lemma rayleigh_maximizer_eigenvector:
  fixes M :: "real^'m^'m"
  assumes sym: "transpose M = M" and S: "subspace S" and inv: "\<And>x. x \<in> S \<Longrightarrow> M *v x \<in> S"
    and u: "u \<in> S" "u \<bullet> u = 1"
    and max: "\<And>y. y \<in> S \<Longrightarrow> y \<bullet> (M *v y) \<le> (u \<bullet> (M *v u)) * (y \<bullet> y)"
  shows "M *v u = (u \<bullet> (M *v u)) *\<^sub>R u"
proof -
  define l where "l = u \<bullet> (M *v u)"
  define w where "w = M *v u - l *\<^sub>R u"
  have "w \<in> S"
    unfolding w_def using inv u S by (simp add: subspace_diff subspace_scale)
  have wu: "w \<bullet> u = 0"
    unfolding w_def using u by (simp add: inner_diff_left l_def inner_commute[of "M *v u" u])
  have uMw: "u \<bullet> (M *v w) = w \<bullet> w"
    using symmetric_matrix_inner_commute[OF sym, of u w] wu
    by (simp add: w_def inner_diff_left inner_diff_right inner_commute)
  have "(2 * (w \<bullet> w)) * t + (w \<bullet> (M *v w) - l * (w \<bullet> w)) * t\<^sup>2 \<le> 0" for t
  proof -
    have "u + t *\<^sub>R w \<in> S"
      using u \<open>w \<in> S\<close> S by (simp add: subspace_add subspace_scale)
    from max[OF this] show ?thesis
      using u(2) wu uMw symmetric_matrix_inner_commute[OF sym, of w u]
      by (simp add: matrix_vector_right_distrib matrix_vector_mult_scaleR inner_add_left
          inner_add_right inner_commute l_def power2_eq_square algebra_simps)
  qed
  then have "2 * (w \<bullet> w) = 0"
    by (rule linear_coeff_zero_if_quadratic_nonpos)
  then show ?thesis
    by (simp add: w_def l_def)
qed

lemma symmetric_matrix_eigenvector_in_invariant_subspace:
  fixes M :: "real^'m^'m"
  assumes sym: "transpose M = M" and S: "subspace S" and inv: "\<And>x. x \<in> S \<Longrightarrow> M *v x \<in> S"
    and x0: "x0 \<in> S" "x0 \<noteq> 0"
  obtains u e where "u \<in> S" "u \<bullet> u = 1" "M *v u = e *\<^sub>R u"
proof -
  define K where "K = sphere 0 1 \<inter> S"
  have "compact K"
    unfolding K_def using closed_subspace[OF S] by (intro compact_Int_closed) auto
  moreover have "x0 /\<^sub>R norm x0 \<in> K"
    unfolding K_def using x0 S by (auto simp: subspace_scale)
  then have "K \<noteq> {}" by blast
  moreover have "continuous_on K (\<lambda>x. x \<bullet> (M *v x))"
    by (intro continuous_intros)
  ultimately obtain u where "u \<in> K" and umax: "\<And>y. y \<in> K \<Longrightarrow> y \<bullet> (M *v y) \<le> u \<bullet> (M *v u)"
    using continuous_attains_sup[of K "\<lambda>x. x \<bullet> (M *v x)"] by blast
  then have u: "u \<in> S" "u \<bullet> u = 1"
    by (auto simp: K_def dot_square_norm)
  have "y \<bullet> (M *v y) \<le> (u \<bullet> (M *v u)) * (y \<bullet> y)" if "y \<in> S" for y
  proof (cases "y = 0")
    case False
    then have "y /\<^sub>R norm y \<in> K"
      using that S by (auto simp: K_def subspace_scale)
    from umax[OF this] False show ?thesis
      by (simp add: matrix_vector_mult_scaleR dot_square_norm field_simps power2_eq_square mult_ac)
  qed simp
  from rayleigh_maximizer_eigenvector[OF sym S inv u this] u show thesis
    by (intro that) auto
qed

lemma symmetric_matrix_orthonormal_eigenvectors:
  fixes M :: "real^'m^'m"
  assumes sym: "transpose M = M" and "k \<le> CARD('m)"
  shows "\<exists>B. finite B \<and> card B = k \<and> pairwise (\<lambda>b c. b \<bullet> c = 0) B \<and>
           (\<forall>b\<in>B. b \<bullet> b = 1 \<and> (\<exists>e. M *v b = e *\<^sub>R b))"
  using assms(2)
proof (induction k)
  case 0
  show ?case by (rule exI[of _ "{}"]) simp
next
  case (Suc k)
  then obtain B where B: "finite B" "card B = k" "pairwise (\<lambda>b c. b \<bullet> c = 0) B"
    and eig: "\<forall>b\<in>B. b \<bullet> b = 1 \<and> (\<exists>e. M *v b = e *\<^sub>R b)"
    by auto
  define S where "S = {y. \<forall>b\<in>B. b \<bullet> y = 0}"
  have S: "subspace S"
    using subspace_orthogonal_to_vectors[of B] by (simp add: S_def real_inner_class.orthogonal_def)
  have "dim B < DIM(real^'m)"
    using dim_le_card'[OF B(1)] B(2) Suc.prems by simp
  then obtain x0 where "x0 \<noteq> 0" "\<And>y. y \<in> span B \<Longrightarrow> real_inner_class.orthogonal x0 y"
    using orthogonal_to_subspace_exists by blast
  then have x0: "x0 \<in> S" "x0 \<noteq> 0"
    by (auto simp: S_def real_inner_class.orthogonal_def inner_commute span_base)
  have "M *v y \<in> S" if "y \<in> S" for y
  proof -
    have "b \<bullet> (M *v y) = 0" if "b \<in> B" for b
    proof -
      obtain e where "M *v b = e *\<^sub>R b" using eig \<open>b \<in> B\<close> by blast
      then show ?thesis
        using symmetric_matrix_inner_commute[OF sym, of b y] \<open>y \<in> S\<close> \<open>b \<in> B\<close> by (simp add: S_def)
    qed
    then show ?thesis by (simp add: S_def)
  qed
  then obtain u e where u: "u \<in> S" "u \<bullet> u = 1" "M *v u = e *\<^sub>R u"
    using symmetric_matrix_eigenvector_in_invariant_subspace[OF sym S _ x0] by blast
  then have "u \<notin> B"
    by (auto simp: S_def)
  have "pairwise (\<lambda>b c. b \<bullet> c = 0) (insert u B)"
    using B(3) u(1) by (auto simp: pairwise_insert S_def inner_commute)
  moreover have "card (insert u B) = Suc k"
    using B \<open>u \<notin> B\<close> by simp
  moreover have "\<forall>b\<in>insert u B. b \<bullet> b = 1 \<and> (\<exists>e. M *v b = e *\<^sub>R b)"
    using eig u by blast
  ultimately show ?case
    using B(1) by blast
qed

definition orthonormal_eigenbasis :: "real^'v^'v \<Rightarrow> ('v \<Rightarrow> real^'v) \<Rightarrow> ('v \<Rightarrow> real) \<Rightarrow> bool" where
  "orthonormal_eigenbasis M \<beta> ev \<longleftrightarrow>
     (\<forall>a b. \<beta> a \<bullet> \<beta> b = (if a = b then 1 else 0)) \<and> (\<forall>a. M *v \<beta> a = ev a *\<^sub>R \<beta> a)"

..........

* WHAT IS EXPECTED:
Reproduce word for word the lines of the records above, beginning at the first and ending with the line where "w) = w \<bullet>" appears, and nothing past it.

* SOLUTION BELOW:
lemma rayleigh_maximizer_eigenvector:
  fixes M :: "real^'m^'m"
  assumes sym: "transpose M = M" and S: "subspace S" and inv: "\<And>x. x \<in> S \<Longrightarrow> M *v x \<in> S"
    and u: "u \<in> S" "u \<bullet> u = 1"
    and max: "\<And>y. y \<in> S \<Longrightarrow> y \<bullet> (M *v y) \<le> (u \<bullet> (M *v u)) * (y \<bullet> y)"
  shows "M *v u = (u \<bullet> (M *v u)) *\<^sub>R u"
proof -
  define l where "l = u \<bullet> (M *v u)"
  define w where "w = M *v u - l *\<^sub>R u"
  have "w \<in> S"
    unfolding w_def using inv u S by (simp add: subspace_diff subspace_scale)
  have wu: "w \<bullet> u = 0"
    unfolding w_def using u by (simp add: inner_diff_left l_def inner_commute[of "M *v u" u])
  have uMw: "u \<bullet> (M *v w) = w \<bullet> w"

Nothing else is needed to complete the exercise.